‘I answerit this meikle in sum: “That, howbeit neither our friendship, whilk could not be great, seeing their king and they were friends to the greatest enemy of Christ, the pope of Rome, and our king and we defied him, nor yet their cause against our neighbours and special friends of England could procure any benefit at our hands for their relief and comfort; nevertheless, they should know by experience that we were men, and sae moved by humane compassion, and Christians of better religion nor they, whilk should kythe in the fruits and effect plain contrair to theirs. For, whereas our people, resorting amang them in peaceable and lawful affairs of merchandise, were violently taken and cast in prison, their gudes and gear confiscat, and their bodies committit to the cruel flaming fire for the cause of religion, they should find naething amang us but Christian pity and warks of mercy and alms, leaving to God to work in their hearts concerning religion as it pleasit him.” This being truly reported again to him by his trunshman, with great reverence he gave thanks, and said he could not make answer for their kirk and the laws and order thereof, only for himself that there were divers Scotsmen wha knew him, and to whom he had shewn courtesy and favour at Calais, and, as he supposit, some of this same town of Anstruther. Sae [I] shew him that the bailies granted him licence with the captains to go to their lodging for their refreshment, but to nane of their men to land till the ower-lord of their town was advertised, and understand the king’s majesty’s mind anent them. Thus, with great courtesy, he departed.

1588.

‘That night, the lord being advertised, came, and on the morn, accompanied with a gude number of the gentlemen of the country round about, gave the said general and the captains presence, and after the same speeches, in effect as before, receivit them in his house, and entertained them humanely, and sufferit the souldiers to come a-land, and lie all together, to the number of thretteen score, for the maist part young beardless men, silly [weak], trauchled [worn-out], and hungred, to the whilk a day or two kail, pottage, and fish was given.... The names of the commanders were Jan Gomez de Medina, general of twenty hulks, Capitan Patricio, Capitan de Legoretto, Capitan de Luffera, Capitan Mauritio, and Signor Serrano.

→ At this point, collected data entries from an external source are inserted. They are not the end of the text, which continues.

lemma ballot_near_perfect_matching:
  assumes "ballot s" "even (length s)"
  shows "\<exists>M. near_perfect_matching {..length s} (threshold_adj s) M"
proof -
  obtain M where M: "is_matching {..length s} (threshold_adj s) M" "0 \<notin> \<Union>M"
    "\<forall>u\<in>{..length s} - \<Union>M. 0 < u \<longrightarrow> s ! (u - 1)"
    "card ({..length s} - \<Union>M) + zero_count s = 1 + one_count s"
    using ballot_greedy_matching[OF assms(1)] unfolding greedy_matching_def by blast
  define U where "U = {..length s} - \<Union>M"
  have clique: "threshold_adj s x y" if "x \<in> U" "y \<in> U" "x \<noteq> y" for x y
  proof (cases "x < y")
    case True
    then show ?thesis using that M(3) threshold_adj_if_later_dominating(1) by (simp add: U_def)
  next
    case False
    then have "y < x" using \<open>x \<noteq> y\<close> by simp
    then show ?thesis using that M(3) threshold_adj_if_later_dominating(2) by (simp add: U_def)
  qed
  obtain M' where M': "is_matching {..length s} (threshold_adj s) M'" "\<Union>M \<subseteq> \<Union>M'"
    "card (U - \<Union>M') = card U mod 2"
  proof -
    have "finite U" "U \<subseteq> {..length s}" "U \<inter> \<Union>M = {}" by (auto simp: U_def)
    from is_matching_extend_clique[OF this(1) M(1) this(2,3) clique] that show thesis by blast
  qed
  have "length s = zero_count s + one_count s"
    using sum_length_filter_compl[of "\<lambda>b. b" s] by (simp add: zero_count_def one_count_def)
  then have "card U + 2 * zero_count s = Suc (length s)" using M(4) by (simp add: U_def)
  then have "card U mod 2 = 1" using assms(2) by presburger
  moreover have "{..length s} - \<Union>M' = U - \<Union>M'" using M'(2) by (auto simp: U_def)
  ultimately show ?thesis
    using M' unfolding near_perfect_matching_def by auto
qed
(* Let $(X,d)$ be a compact doubling metric space with $\operatorname{diam}(X,d)=1/2$ and $(\mathcal S,D_2)$ a hyperbolic filling with parameters $a\ge\lambda\ge6$. Let $\rho:\mathcal S\to(0,\infty)$ satisfy (H1), (H2) and (H3'). Then there is a constant $K_2\ge1$ such that for all distinct $x,y\in X$ there exists $k_0$ (depending on $x,y$) such that for all $k\ge k_0$, if $u,v\in\mathcal S_k$ with $x\in B_u$, $y\in B_v$, then every path $\gamma$ in $(\mathcal S,D_2)$ joining $u$ and $v$ satisfies $\hat\ell_1(\gamma)\ge K_2^{-1}\pi(c(x,y))$.
   Context: Hyperbolic filling: $X_0\subset X_1\subset\cdots$ increasing, $X_n$ maximal $a^{-n}$-separated in $X$ ($X_0=\{x_0\}$); $\mathcal S_n=\{(x,n):x\in X_n\}$, $\mathcal S=\bigcup_n\mathcal S_n$, $\pi_1(x,n)=x$, $\pi_2(x,n)=n$, $v_0=(x_0,0)$, $B_v=B(\pi_1(v),a^{-\pi_2(v)})$. Each $(x,n)$, $n\ge1$, has a fixed parent $(y,n-1)$ with $d(x,y)=\min_{z\in X_{n-1}}d(x,z)$; genealogy $g(v)=(v_0,\dots,v_k=v)$. Graph $(\mathcal S,D_2)$: edges vertex–parent (vertical) and horizontal edges between distinct $(x,n),(y,n)$ with $B(x,\lambda a^{-n})\cap B(y,\lambda a^{-n})\ne\emptyset$. Paths: vertex sequences with consecutive ones adjacent. For $w\in\mathcal S_k$, $\Gamma_k(w)$: horizontal paths $(u_1,\dots,u_n)$ in $\mathcal S_{k+1}$ with $\pi_1(u_1)\in B_w$, $\pi_1(u_n)\notin B(\pi_1(w),2a^{-k})$. $\pi(u)=\prod_{w\in g(u)}\rho(w)$; $\rho^*(u)=\min\{\rho(w):\pi_2(w)=\pi_2(u),D_2(u,w)\le1\}$, $\pi^*(u)$ the same with $\pi$; $L_h(\gamma,\rho)=\sum_{j}\rho^*(u_j)\wedge\rho^*(u_{j+1})$ for horizontal $\gamma=(u_1,\dots,u_N)$. For distinct $x,y$: $\tilde n$ largest with $\{x,y\}\subset B(\tilde z,2a^{-\tilde n})$ for some $(\tilde z,\tilde n)\in\mathcal S$, $c(x,y)$ the set of such $(\tilde z,\tilde n)$, $\pi(c(x,y))=\max_{c(x,y)}\pi$. (H1) $0<\eta_-\le\rho\le\eta_+<1$. (H2) $\pi(u)\le K_0\pi(w)$ for horizontally adjacent $u,w$, some $K_0\ge1$. (H3') for all $k\ge0$, $w\in\mathcal S_k$, $\gamma\in\Gamma_k(w)$: $L_h(\gamma,\rho)\ge1$. Edge length: $\hat\ell_1(\{u,w\})=\pi^*(u)\wedge\pi^*(w)$ for a horizontal edge, and $\hat\ell_1(\{u,w\})=K_0\eta_-^{-1}\pi^*(w)$ if $u$ is the parent of $w$; for a path $\gamma=(v_1,\dots,v_N)$, $\hat\ell_1(\gamma)=\sum_{i=1}^{N-1}\hat\ell_1(\{v_i,v_{i+1}\})$. *)

theory Defs
  imports "HOL-Analysis.Analysis"
begin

‘Verily, all the while my heart melted within me for desire of thankfulness to God, when I remembered the prideful and cruel nature of thae people, and how they wald have usit us in case they had landit with their forces amang us; and als, the wonderful work of God’s mercy and justice in making us see them, the chief commanders of them, make sic courtesy to poor seamen, and their souldiers so abjectly to beg alms at our doors and in our streets.

‘In the meantime they knew not of the wrack of the rest, but supposed that the rest of the army was safely returned, till ae day I gat in St Andrews in print the wrack of the galiots in particular, with the names of the principal men, and how they were usit in Ireland and our Highlands, in Wales, and other parts of England; the whilk when I recordit to Jan Gomez, by particular and special names, O then he cried out for grief, bursted and grat. This Jan Gomez shewed great kindness to a ship of our town, whilk he fand arrestit in Calais at his hame-coming, rade to court for her, and made great roose [praise]of Scotland to his king, took the honest men to his house, and enquirit for the laird of Anstruther, for the minister, and his host; and sent hame many commendations. But we thanked God in our hearts, that we had seen them amang us in that form.’

This is on the whole a pleasing anecdote. One cannot, however, but wish that the worthy James had not commenced his speech with a taunt at the religion of the Spaniards, and that he had had the magnanimity on such an occasion to forget any injuries formerly inflicted by that nation upon his.

The shipwrecked Spaniards were not everywhere so well treated. The kirk-session of Perth, May 18, 1589, ordered the keepers of the town-gates to exclude Spaniards and other idle vagabonds and beggars, and commanded that all such persons now in the town should immediately leave it.

1588.

‘In the beginning of October [1588], one of these great ships was drove in at the Mull of Kintyre, in which there were five hundred men or thereby; she carried threescore brass cannon in her, besides others, and great store of gold and silver. She was soon after suddenly blown up by powder, and two or three hundred men in her, which happened by some of their own people.’—Moy. R.

Another of the vessels, having found its way into the Firth of Clyde, sank in ten fathom water on a sandy bottom, near Portincross Castle in Ayrshire. Tradition affirms that some of the crew in this case reached the land. A local newspaper, in October 1855, recorded the recent death of Archibald Revie, at Lower Boydstone, Ardrossan, at an advanced age—a descendant of one of the Spanish sailors saved from the Spanish ship at Portincross in 1588, and who ‘retained many of the peculiarities of his race.’ In 1740, a number of pieces of brass and iron ordnance were recovered from this wreck by means of a diving-machine; and one of the latter still lies on the beach beside the old castle, bearing faint traces of the Spanish crown and arms near the breech.[155]